Instructions for the task
Line count for "finally": give how many lines in the data below contain it, with no other words.

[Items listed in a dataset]
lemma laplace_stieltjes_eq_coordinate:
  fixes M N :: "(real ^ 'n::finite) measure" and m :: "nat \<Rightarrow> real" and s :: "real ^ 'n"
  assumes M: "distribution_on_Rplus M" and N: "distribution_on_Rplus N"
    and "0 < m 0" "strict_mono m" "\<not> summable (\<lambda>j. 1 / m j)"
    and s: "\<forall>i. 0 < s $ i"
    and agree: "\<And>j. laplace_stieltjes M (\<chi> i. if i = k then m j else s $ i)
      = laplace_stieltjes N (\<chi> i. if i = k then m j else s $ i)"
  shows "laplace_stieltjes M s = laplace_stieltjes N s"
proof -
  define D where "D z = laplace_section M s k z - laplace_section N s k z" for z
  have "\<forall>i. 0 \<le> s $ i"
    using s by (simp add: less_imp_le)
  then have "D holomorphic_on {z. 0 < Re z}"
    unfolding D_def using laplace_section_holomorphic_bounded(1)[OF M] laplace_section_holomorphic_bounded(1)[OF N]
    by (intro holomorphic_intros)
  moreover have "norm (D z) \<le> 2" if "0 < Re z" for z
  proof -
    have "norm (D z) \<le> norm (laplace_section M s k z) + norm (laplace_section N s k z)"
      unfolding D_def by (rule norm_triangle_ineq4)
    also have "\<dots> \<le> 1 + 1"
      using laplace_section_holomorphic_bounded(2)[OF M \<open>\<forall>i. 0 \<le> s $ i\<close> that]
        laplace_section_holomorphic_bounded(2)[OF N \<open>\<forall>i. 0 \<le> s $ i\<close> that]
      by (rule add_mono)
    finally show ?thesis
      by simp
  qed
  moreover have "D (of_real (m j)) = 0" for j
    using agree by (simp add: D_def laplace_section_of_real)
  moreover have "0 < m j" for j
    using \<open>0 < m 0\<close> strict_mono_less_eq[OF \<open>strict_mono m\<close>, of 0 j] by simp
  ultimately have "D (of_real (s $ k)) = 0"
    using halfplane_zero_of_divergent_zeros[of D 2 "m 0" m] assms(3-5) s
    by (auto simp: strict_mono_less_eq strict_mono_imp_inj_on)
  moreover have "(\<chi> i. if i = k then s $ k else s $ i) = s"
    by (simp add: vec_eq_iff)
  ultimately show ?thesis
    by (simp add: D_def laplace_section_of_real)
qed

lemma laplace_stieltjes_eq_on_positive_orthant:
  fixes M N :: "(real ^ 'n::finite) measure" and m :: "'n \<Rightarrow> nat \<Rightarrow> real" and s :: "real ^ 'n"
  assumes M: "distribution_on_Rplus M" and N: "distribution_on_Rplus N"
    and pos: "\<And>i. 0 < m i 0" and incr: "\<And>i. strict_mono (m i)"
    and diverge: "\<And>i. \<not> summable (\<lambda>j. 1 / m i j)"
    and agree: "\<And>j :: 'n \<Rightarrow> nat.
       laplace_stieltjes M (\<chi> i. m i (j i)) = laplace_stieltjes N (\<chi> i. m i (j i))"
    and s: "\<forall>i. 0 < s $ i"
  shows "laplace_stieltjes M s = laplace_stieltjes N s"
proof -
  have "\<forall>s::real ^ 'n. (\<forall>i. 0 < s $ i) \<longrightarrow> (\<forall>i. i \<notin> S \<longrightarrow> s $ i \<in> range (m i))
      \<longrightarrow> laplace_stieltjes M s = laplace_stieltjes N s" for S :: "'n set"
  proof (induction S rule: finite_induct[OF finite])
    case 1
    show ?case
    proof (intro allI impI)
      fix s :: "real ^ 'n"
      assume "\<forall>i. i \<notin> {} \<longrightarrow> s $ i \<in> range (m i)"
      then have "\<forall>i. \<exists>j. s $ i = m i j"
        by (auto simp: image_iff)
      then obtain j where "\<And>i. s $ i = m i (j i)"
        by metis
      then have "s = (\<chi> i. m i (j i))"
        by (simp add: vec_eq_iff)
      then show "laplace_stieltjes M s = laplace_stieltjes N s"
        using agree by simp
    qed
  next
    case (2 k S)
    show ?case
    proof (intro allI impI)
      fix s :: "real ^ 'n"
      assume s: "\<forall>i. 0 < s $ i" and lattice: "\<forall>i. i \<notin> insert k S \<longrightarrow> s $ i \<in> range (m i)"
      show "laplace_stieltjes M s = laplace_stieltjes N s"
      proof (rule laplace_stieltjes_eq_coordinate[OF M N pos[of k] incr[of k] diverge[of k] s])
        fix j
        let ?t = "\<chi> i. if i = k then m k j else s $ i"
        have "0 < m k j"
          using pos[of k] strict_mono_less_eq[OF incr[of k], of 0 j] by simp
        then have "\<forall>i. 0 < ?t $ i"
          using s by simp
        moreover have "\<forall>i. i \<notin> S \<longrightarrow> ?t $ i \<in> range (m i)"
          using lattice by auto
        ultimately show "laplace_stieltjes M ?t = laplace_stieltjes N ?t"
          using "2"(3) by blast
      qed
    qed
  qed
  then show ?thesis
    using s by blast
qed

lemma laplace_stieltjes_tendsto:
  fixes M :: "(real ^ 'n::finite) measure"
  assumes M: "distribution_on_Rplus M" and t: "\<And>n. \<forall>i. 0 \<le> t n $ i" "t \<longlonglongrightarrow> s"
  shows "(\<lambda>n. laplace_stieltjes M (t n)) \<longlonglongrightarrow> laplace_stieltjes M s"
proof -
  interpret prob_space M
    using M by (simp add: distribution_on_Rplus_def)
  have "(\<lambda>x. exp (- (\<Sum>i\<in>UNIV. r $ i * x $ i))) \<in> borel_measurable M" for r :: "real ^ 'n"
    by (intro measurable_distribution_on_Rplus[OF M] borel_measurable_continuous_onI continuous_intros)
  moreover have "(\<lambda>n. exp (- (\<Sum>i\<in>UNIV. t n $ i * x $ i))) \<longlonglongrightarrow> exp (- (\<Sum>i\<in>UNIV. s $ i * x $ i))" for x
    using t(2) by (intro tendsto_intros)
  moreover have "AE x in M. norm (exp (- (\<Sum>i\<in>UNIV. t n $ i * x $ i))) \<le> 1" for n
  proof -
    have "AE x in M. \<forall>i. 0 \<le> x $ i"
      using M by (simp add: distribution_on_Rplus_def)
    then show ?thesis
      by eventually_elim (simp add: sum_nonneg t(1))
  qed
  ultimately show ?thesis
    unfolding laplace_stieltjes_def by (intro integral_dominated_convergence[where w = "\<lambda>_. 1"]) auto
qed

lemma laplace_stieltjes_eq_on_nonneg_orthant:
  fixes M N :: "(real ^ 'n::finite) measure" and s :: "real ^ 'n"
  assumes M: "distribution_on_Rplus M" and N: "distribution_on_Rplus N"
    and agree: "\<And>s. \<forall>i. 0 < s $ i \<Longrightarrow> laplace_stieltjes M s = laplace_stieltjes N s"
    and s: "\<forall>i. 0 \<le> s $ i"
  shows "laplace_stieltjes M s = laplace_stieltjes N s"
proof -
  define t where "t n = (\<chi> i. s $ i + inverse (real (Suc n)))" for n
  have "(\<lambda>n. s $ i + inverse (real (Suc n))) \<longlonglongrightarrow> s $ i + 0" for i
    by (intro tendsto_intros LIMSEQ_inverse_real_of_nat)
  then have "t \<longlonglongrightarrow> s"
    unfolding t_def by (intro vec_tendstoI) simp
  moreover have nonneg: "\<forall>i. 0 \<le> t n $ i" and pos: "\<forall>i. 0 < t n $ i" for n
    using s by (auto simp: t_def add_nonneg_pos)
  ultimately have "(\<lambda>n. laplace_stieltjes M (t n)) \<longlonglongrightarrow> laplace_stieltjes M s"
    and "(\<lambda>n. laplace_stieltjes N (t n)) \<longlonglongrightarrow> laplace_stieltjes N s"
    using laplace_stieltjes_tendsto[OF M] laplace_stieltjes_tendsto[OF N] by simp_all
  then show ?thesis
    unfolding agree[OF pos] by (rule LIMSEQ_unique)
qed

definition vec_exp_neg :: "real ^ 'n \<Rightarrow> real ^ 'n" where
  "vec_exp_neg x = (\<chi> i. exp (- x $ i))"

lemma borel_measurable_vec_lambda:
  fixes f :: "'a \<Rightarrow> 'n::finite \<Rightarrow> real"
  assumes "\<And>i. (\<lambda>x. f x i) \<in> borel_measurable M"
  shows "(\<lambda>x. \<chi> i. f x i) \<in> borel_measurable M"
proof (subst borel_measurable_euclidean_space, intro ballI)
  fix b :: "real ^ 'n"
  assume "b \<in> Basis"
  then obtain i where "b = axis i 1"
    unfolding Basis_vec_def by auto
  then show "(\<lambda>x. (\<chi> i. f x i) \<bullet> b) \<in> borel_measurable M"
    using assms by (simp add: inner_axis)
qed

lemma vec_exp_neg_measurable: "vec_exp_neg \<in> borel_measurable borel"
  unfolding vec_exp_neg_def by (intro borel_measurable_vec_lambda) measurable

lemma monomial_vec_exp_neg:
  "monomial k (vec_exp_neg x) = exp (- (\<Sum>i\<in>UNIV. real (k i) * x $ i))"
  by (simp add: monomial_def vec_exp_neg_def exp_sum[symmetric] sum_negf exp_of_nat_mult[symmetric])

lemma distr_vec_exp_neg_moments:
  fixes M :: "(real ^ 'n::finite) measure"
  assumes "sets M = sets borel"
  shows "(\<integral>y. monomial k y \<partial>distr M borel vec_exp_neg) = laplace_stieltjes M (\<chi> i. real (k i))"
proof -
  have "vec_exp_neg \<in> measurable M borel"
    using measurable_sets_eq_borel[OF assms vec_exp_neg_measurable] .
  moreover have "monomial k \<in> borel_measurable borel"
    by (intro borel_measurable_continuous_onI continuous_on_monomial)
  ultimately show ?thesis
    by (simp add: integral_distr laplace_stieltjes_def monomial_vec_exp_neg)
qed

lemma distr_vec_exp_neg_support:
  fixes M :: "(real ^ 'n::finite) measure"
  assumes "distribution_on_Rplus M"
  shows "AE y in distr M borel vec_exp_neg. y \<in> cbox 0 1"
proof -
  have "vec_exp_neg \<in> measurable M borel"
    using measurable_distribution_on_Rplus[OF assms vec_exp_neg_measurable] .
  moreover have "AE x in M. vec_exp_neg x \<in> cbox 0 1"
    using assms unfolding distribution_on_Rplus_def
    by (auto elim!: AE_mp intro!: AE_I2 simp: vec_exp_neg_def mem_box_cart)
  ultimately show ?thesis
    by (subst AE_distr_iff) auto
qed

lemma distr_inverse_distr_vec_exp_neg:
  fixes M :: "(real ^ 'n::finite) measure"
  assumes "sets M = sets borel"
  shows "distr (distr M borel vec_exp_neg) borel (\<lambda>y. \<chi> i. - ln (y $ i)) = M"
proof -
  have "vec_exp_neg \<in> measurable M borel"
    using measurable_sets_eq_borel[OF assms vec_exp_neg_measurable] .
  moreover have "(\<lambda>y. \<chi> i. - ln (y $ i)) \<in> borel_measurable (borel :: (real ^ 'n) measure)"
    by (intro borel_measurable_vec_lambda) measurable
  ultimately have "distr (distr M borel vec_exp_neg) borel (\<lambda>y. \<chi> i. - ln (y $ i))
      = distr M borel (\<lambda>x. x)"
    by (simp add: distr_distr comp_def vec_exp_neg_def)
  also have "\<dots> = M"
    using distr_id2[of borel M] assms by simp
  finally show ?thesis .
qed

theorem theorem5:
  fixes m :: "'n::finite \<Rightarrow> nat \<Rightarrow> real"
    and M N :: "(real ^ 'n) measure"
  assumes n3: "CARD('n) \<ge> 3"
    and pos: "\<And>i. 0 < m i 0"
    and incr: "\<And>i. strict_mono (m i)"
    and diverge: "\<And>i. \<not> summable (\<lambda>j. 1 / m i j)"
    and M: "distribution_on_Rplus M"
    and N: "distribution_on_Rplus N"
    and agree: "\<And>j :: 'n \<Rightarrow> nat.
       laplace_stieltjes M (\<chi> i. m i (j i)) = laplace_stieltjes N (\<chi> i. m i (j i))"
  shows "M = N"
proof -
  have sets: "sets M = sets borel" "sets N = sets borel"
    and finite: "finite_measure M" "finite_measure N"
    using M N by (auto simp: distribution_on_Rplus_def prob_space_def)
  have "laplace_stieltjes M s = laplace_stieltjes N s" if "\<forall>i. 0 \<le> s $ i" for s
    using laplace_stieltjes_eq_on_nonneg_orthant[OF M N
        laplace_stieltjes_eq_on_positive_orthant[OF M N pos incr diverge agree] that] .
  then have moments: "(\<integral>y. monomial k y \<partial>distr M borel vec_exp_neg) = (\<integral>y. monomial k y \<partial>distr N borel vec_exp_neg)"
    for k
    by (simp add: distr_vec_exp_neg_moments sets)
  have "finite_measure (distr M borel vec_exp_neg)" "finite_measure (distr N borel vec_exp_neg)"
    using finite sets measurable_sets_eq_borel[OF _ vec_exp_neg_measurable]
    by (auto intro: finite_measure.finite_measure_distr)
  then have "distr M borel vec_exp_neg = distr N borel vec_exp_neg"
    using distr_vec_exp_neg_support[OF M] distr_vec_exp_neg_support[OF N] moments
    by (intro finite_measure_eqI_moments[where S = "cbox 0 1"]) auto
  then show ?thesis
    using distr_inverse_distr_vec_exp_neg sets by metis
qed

Written reply
2